Parivrtta anjaneyasana (par-ee-VRT-tah Aan-jha-nay-AHS-anna) is a twisted variation of lunge pose with several modifications and variations that develops stamina while improving your balance.

Sanskrit:

  • Parivrtta = to turn around, revolve
  • Anjaneya = salutation
  • Asana = pose

Philosophy & Origin:

Parivrtta anjaneyasana is believed to activate the third chakra, or manipura. This chakra is the body’s center of energy and vitality. It is a source of confidence, internal strength, and courage, and activating the manipura chakra through this pose can shield against fear and insecurity.

Physical Benefits:

  • Strengthens the quadriceps and gluteus muscles.
  • Improves digestion and elimination.
  • Stretches the psoas and hips.
  • Develops stamina and endurance in your thighs

Energetic Benefits:

  • Activates manipura chakra.
  • Improves your balance, concentration and core awareness

Mudra: Anjali Mudra

This mudra is also known as the prayer mudra. Bring both hands together by pressing the palms together firmly and evenly with fingertips and thumbs pointing towards the sky.

Mantra:

Shanti Mantra

This mantra is a chant for peace and is used to call for and usher peace into our daily lives.

sarvesham svastir bhavatu sarvesham shantir bhavatu sarvesham purnam bhavatu sarvesham mangalam bhavatu” translates to “May there be well-being for all, May there be peace for all. May there be wholeness for all, May there be happiness for all.”

Preparatory Poses:

Adjustments/Modifications:

  • Keep the eye gaze downwards or forward.
  • Lower your back knee down to the ground rather than lifting.
  • Parivrtta parsvakonasana: the opposite arm rests on the lead leg or reaches to the ground, while the other arm extends overhead, creating a twist through the core of the body.

Step-By-Step:

  1. Begin in a lunge with your right foot forward.

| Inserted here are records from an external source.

subsection \<open>R is a ring\<close>

lemma mult_add_left: "(p1 + p2) \<star> q = p1 \<star> q + p2 \<star> q"
proof -
  let ?N = "max (degree p1) (degree p2)"
  have "degree (p1 + p2) \<le> ?N" by (meson degree_add_le max.cobounded1 max.cobounded2)
  thus ?thesis by (simp add: mult_sum_upto[of _ ?N] L_add_left sum.distrib)
qed

lemma mult_add_right: "p \<star> (q1 + q2) = p \<star> q1 + p \<star> q2"
  unfolding ore_mult_def by (simp add: Tpow_add L_add sum.distrib)

lemma mult_0_left[simp]: "0 \<star> q = 0" unfolding ore_mult_def by simp

lemma mult_diff_left: "(p1 - p2) \<star> q = p1 \<star> q - p2 \<star> q"
  by (metis add_diff_cancel diff_add_cancel mult_add_left)
lemma mult_diff_right: "p \<star> (q1 - q2) = p \<star> q1 - p \<star> q2"
  by (metis add_diff_cancel diff_add_cancel mult_add_right)

lemma mult_sum_left: "sum f S \<star> q = (\<Sum>i\<in>S. f i \<star> q)"
  using sum_comp_morphism[of "\<lambda>p. p \<star> q" f S] by (simp add: mult_add_left o_def)

lemma mult_L_left: "L a p \<star> q = L a (p \<star> q)"
proof -
  have "degree (L a p) \<le> degree p" by (rule degree_le) (simp add: coeff_L coeff_eq_0)
  hence "L a p \<star> q = (\<Sum>i\<le>degree p. L (coeff (L a p) i) ((T^^i) q))" by (rule mult_sum_upto)
  thus ?thesis by (simp add: ore_mult_def L_sum coeff_L L_L)
qed

lemma mult_T_left: "T p \<star> q = T (p \<star> q)"
proof -
  let ?N = "degree p"
  let ?shift = "\<Sum>i\<le>?N. L (\<sigma> (coeff p i)) ((T^^Suc i) q)"
  let ?diff = "\<Sum>i\<le>?N. L (\<delta> (coeff p i)) ((T^^i) q)"
  have "degree (T p) \<le> Suc ?N"
    by (rule degree_le) (auto simp: coeff_T coeff_eq_0 split: nat.split)
  hence "T p \<star> q = (\<Sum>i\<le>Suc ?N. L (case i of 0 \<Rightarrow> 0 | Suc m \<Rightarrow> \<sigma> (coeff p m)) ((T^^i) q))
                    + (\<Sum>i\<le>Suc ?N. L (\<delta> (coeff p i)) ((T^^i) q))"
    by (simp add: mult_sum_upto coeff_T L_add_left sum.distrib)
  also have "(\<Sum>i\<le>Suc ?N. L (case i of 0 \<Rightarrow> 0 | Suc m \<Rightarrow> \<sigma> (coeff p m)) ((T^^i) q)) = ?shift"
    by (subst sum.atMost_Suc_shift) simp
  also have "(\<Sum>i\<le>Suc ?N. L (\<delta> (coeff p i)) ((T^^i) q)) = ?diff"
    by (simp add: coeff_eq_0)
  also have "?shift + ?diff = T (p \<star> q)"
    unfolding ore_mult_def by (simp add: T_sum T_L sum.distrib)
  finally show ?thesis .
qed

text \<open>Associativity: by bilinearity it reduces to the commutation of left scaling
  and left multiplication by t with right multiplication.\<close>
lemma mult_assoc: "(p \<star> q) \<star> r = p \<star> (q \<star> r)"
proof -
  have Tpow: "(T^^i) p' \<star> r = (T^^i) (p' \<star> r)" for i p'
    by (induction i) (auto simp: mult_T_left)
  have "(p \<star> q) \<star> r = (\<Sum>i\<le>degree p. L (coeff p i) ((T^^i) q) \<star> r)"
    unfolding ore_mult_def[of _ _ p q] by (rule mult_sum_left)
  also have "\<dots> = p \<star> (q \<star> r)"
    unfolding ore_mult_def[of _ _ p "q \<star> r"] by (simp add: mult_L_left Tpow)
  finally show ?thesis .
qed

lemma Tpow_one: "coeff ((T^^i) [:1:]) n = (if n = i then 1 else 0)"
proof (induction i arbitrary: n)
  case 0
  then show ?case by (cases n) auto
next
  case (Suc i)
  then show ?case by (cases n) (auto simp: coeff_T)
qed

lemma mult_1_right[simp]: "p \<star> [:1:] = p"
proof (rule poly_eqI)
  fix n
  have "coeff (p \<star> [:1:]) n = (\<Sum>i\<le>degree p. if i = n then coeff p n else 0)"
    unfolding coeff_mult by (rule sum.cong) (auto simp: Tpow_one)
  also have "\<dots> = coeff p n" by (auto simp: coeff_eq_0)
  finally show "coeff (p \<star> [:1:]) n = coeff p n" .
qed

lemma mult_1_left[simp]: "[:1:] \<star> p = p"
  by (simp add: mult_const_left)

lemma mult_const_const: "[:c:] \<star> [:d:] = [:c * d:]"
  unfolding mult_const_left by (rule poly_eqI) (simp add: coeff_L coeff_pCons split: nat.split)

lemma ideal_iff: "p \<in> LI f \<longleftrightarrow> (\<exists>r. p = r \<star> f)"
  unfolding left_ideal_def by auto

lemma ideal_add: "p \<in> LI f \<Longrightarrow> q \<in> LI f \<Longrightarrow> p + q \<in> LI f"
  unfolding ideal_iff by (metis mult_add_left)
lemma ideal_diff: "p \<in> LI f \<Longrightarrow> q \<in> LI f \<Longrightarrow> p - q \<in> LI f"
  unfolding ideal_iff by (metis mult_diff_left)
lemma ideal_mult: "p \<in> LI f \<Longrightarrow> r \<star> p \<in> LI f"
  unfolding ideal_iff by (metis mult_assoc)
lemma ideal_self: "f \<in> LI f"
  unfolding ideal_iff by (metis mult_1_left)
lemma ideal_0: "0 \<in> LI f"
  unfolding ideal_iff by (metis mult_0_left)

lemma ideal_trans: "f \<in> LI k \<Longrightarrow> p \<in> LI f \<Longrightarrow> p \<in> LI k"
  unfolding ideal_iff by (metis mult_assoc)

lemma coset_eq_iff: "coset h1 (LI f) = coset h2 (LI f) \<longleftrightarrow> h1 - h2 \<in> LI f"
proof
  assume "coset h1 (LI f) = coset h2 (LI f)"
  moreover have "h1 \<in> coset h1 (LI f)" unfolding coset_def using ideal_0 by force
  ultimately obtain r where "h1 = h2 + r" "r \<in> LI f" unfolding coset_def by auto
  thus "h1 - h2 \<in> LI f" by simp
next
  assume h: "h1 - h2 \<in> LI f"
  have "h1 + r = h2 + ((h1 - h2) + r)" "h2 + r = h1 + (r - (h1 - h2))" for r
    by simp_all
  with ideal_add[OF h] ideal_diff[OF _ h]
  show "coset h1 (LI f) = coset h2 (LI f)" unfolding coset_def by blast
qed

subsection \<open>The remainder theorem and right evaluation\<close>

lemma Tpow_lin: "coeff ((T^^i) (lin x)) (Suc i) = 1 \<and> (\<forall>j > Suc i. coeff ((T^^i) (lin x)) j = 0)"
proof (induction i)
  case 0
  then show ?case by (auto simp: coeff_pCons split: nat.split)
next
  case (Suc i)
  then show ?case by (auto simp: coeff_T split: nat.split)
qed

text \<open>A nonzero multiple of t - x has degree at least one, so it is never a constant.\<close>
lemma const_in_lin_ideal: assumes "[:c:] \<in> LI (lin x)" shows "c = 0"
proof -
  obtain r where r: "[:c:] = r \<star> lin x" using assms unfolding ideal_iff by blast
  have "coeff (r \<star> lin x) (Suc (degree r)) = (\<Sum>i\<le>degree r. if i = degree r then lead_coeff r else 0)"
    unfolding coeff_mult using Tpow_lin by (intro sum.cong) auto
  hence "lead_coeff r = 0" by (simp flip: r)
  thus ?thesis using r by simp
qed

lemma remainder_exists: "\<exists>c. h - [:c:] \<in> LI (lin x)"
proof (induction "degree h" arbitrary: h rule: less_induct)
  case less
  show ?case
  proof (cases "degree h")
    case 0
    then have "h - [:coeff h 0:] \<in> LI (lin x)" using ideal_0 by (simp add: degree_0_id)
    thus ?thesis by blast
  next
    case (Suc k)
    define m where "m = monom (lead_coeff h) k \<star> lin x"
    have "degree (h - m) \<le> k"
    proof (rule degree_le, intro allI impI)
      fix j assume "k < j"
      then show "coeff (h - m) j = 0"
        using Tpow_lin[of k x] coeff_eq_0[of h j] Suc
        by (cases "j = Suc k") (auto simp: m_def mult_monom_left coeff_L)
    qed
    then obtain c where "(h - m) - [:c:] \<in> LI (lin x)" using less Suc by force
    moreover have "m \<in> LI (lin x)" unfolding m_def ideal_iff by blast
    ultimately have "((h - m) - [:c:]) + m \<in> LI (lin x)" by (rule ideal_add)
    thus ?thesis by (auto simp: algebra_simps)
  qed
qed

lemma eval_eq_iff: "ev h x = c \<longleftrightarrow> h - [:c:] \<in> LI (lin x)"
proof -
  have unique: "c1 = c2" if "h - [:c1:] \<in> LI (lin x)" "h - [:c2:] \<in> LI (lin x)" for c1 c2
  proof -
    have "(h - [:c1:]) - (h - [:c2:]) \<in> LI (lin x)" by (rule ideal_diff[OF that])
    hence "c2 - c1 = 0" by (intro const_in_lin_ideal) simp
    thus ?thesis by simp
  qed
  have "\<exists>!c. h - [:c:] \<in> LI (lin x)" using remainder_exists unique by blast
  hence "h - [:ev h x:] \<in> LI (lin x)" unfolding ore_eval_def by (rule theI')
  thus ?thesis using unique by blast
qed

lemma root_iff: "ev h x = 0 \<longleftrightarrow> h \<in> LI (lin x)"
  by (simp add: eval_eq_iff)

lemma ideal_at_root: "x \<in> right_roots \<sigma> \<delta> f \<Longrightarrow> p \<in> LI f \<Longrightarrow> p \<in> LI (lin x)"
  unfolding right_roots_def using ideal_trans root_iff by blast

subsection \<open>Conjugation and the product formula\<close>

lemma lin_conj_mult: assumes "c \<noteq> 0"
  shows "lin (conj x c) \<star> [:c:] = [:\<sigma> c:] \<star> lin x"
proof -
  have e: "conj x c * c = \<sigma> c * x + \<delta> c"
    unfolding ore_conj_def using assms by (simp add: distrib_right mult.assoc)
  show ?thesis unfolding mult_lin_left mult_const_left
    by (rule poly_eqI) (auto simp: coeff_L coeff_T coeff_pCons e split: nat.split)
qed

lemma conj_conj: assumes "a \<noteq> 0" "b \<noteq> 0"
  shows "conj (conj x b) a = conj x (a * b)"
proof -
  have cancel: "b * (inverse b * z) = z" for z
    using assms(2) by (simp flip: mult.assoc)
  show ?thesis unfolding ore_conj_def using assms
    by (simp add: s_mult d_mult nonzero_inverse_mult_distrib distrib_left distrib_right
        mult.assoc cancel)
qed

lemma conj_1[simp]: "conj x 1 = x"
  unfolding ore_conj_def by simp

lemma eval_mult_root: "ev g x = 0 \<Longrightarrow> ev (h \<star> g) x = 0"
  using ideal_mult root_iff by blast

lemma eval_mult:
  assumes gx: "ev g x = c" and c: "c \<noteq> 0"
  shows "ev (h \<star> g) x = ev h (conj x c) * c"
proof -
  define y where "y = conj x c"
  define d where "d = ev h y"
  obtain p where p: "h = p \<star> lin y + [:d:]"
    using eval_eq_iff[of h y d] unfolding d_def ideal_iff by (auto simp: algebra_simps)
  obtain s where s: "g = s \<star> lin x + [:c:]"
    using gx unfolding eval_eq_iff ideal_iff by (auto simp: algebra_simps)
  have "lin y \<star> g = (lin y \<star> s + [:\<sigma> c:]) \<star> lin x"
    unfolding y_def using lin_conj_mult[OF c, of x]
    by (subst s) (simp add: mult_add_right mult_add_left mult_assoc)
  hence lin_g: "lin y \<star> g \<in> LI (lin x)" unfolding ideal_iff by blast
  have "[:d:] \<star> g = ([:d:] \<star> s) \<star> lin x + [:d * c:]"
    by (subst s) (simp add: mult_add_right mult_assoc mult_const_const)
  hence "h \<star> g - [:d * c:] = p \<star> (lin y \<star> g) + ([:d:] \<star> s) \<star> lin x"
    by (simp add: p mult_add_left mult_assoc)
  also have "\<dots> \<in> LI (lin x)"
    using ideal_mult[OF lin_g] ideal_mult[OF ideal_self] by (rule ideal_add)
  finally show ?thesis unfolding y_def d_def by (simp add: eval_eq_iff)
qed

end

locale ore_iso = ore +
  fixes f f' g :: "'a poly"
  assumes iso: "induced_iso \<sigma> \<delta> f f' g"
begin

lemma iso_wd: "h1 - h2 \<in> LI f' \<Longrightarrow> h1 \<star> g - h2 \<star> g \<in> LI f"
  and iso_inj: "h1 \<star> g - h2 \<star> g \<in> LI f \<Longrightarrow> h1 - h2 \<in> LI f'"
  and iso_surj: "\<exists>h. h \<star> g - k \<in> LI f"
  using iso unfolding induced_iso_def coset_eq_iff by blast+

definition h0 :: "'a poly" where "h0 = (SOME h. h \<star> g - [:1:] \<in> LI f)"

lemma h0: "h0 \<star> g - [:1:] \<in> LI f"
  unfolding h0_def using iso_surj by (rule someI_ex)

text \<open>First claim: at a root x of f, (h0 g)(x) = 1, which is impossible if g(x) = 0.\<close>
lemma g_nonzero_at_roots:
  assumes x: "x \<in> right_roots \<sigma> \<delta> f"
  shows "ev g x \<noteq> 0"
proof
  assume "ev g x = 0"
  hence "ev (h0 \<star> g) x = 0" by (rule eval_mult_root)
  moreover have "ev (h0 \<star> g) x = 1"
    using ideal_at_root[OF x h0] by (simp add: eval_eq_iff)
  ultimately show False by simp
qed

text \<open>phi_g maps V(f) into V(f'), because f' g \<in> R f.\<close>
lemma phi_maps_roots:
  assumes x: "x \<in> right_roots \<sigma> \<delta> f"
  shows "ore_phi \<sigma> \<delta> g x \<in> right_roots \<sigma> \<delta> f'"
proof -
  have "f' \<star> g - 0 \<star> g \<in> LI f" by (rule iso_wd) (simp add: ideal_self)
  hence "ev (f' \<star> g) x = 0" using ideal_at_root[OF x] root_iff by simp
  hence "ev f' (conj x (ev g x)) * ev g x = 0"
    using eval_mult[OF refl g_nonzero_at_roots[OF x]] by simp
  thus ?thesis using g_nonzero_at_roots[OF x] unfolding ore_phi_def right_roots_def by simp
qed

Bring your palms together at heart center.
  2. With your left knee lifted, push your left heel back and reach the crown of your head forwards to lengthen your spine and side body.
  3. On an exhale, twist towards your right leg to place your left tricep on your right thigh. Bring your torso as close to your leg as possible.
  4. Press your palms together to engage your arms. Turn your chest in the direction of the ceiling and shift your gaze upwards over your right shoulder.
  5. Stay here, or extend your left fingertips down to the ground on the outside of your right leg, and reach your right fingertips up the ceiling.
  6. Stay for up to one minute. To release the pose, unwind and place your hands down on the mat, then step back to table top or down dog. Repeat on the other side.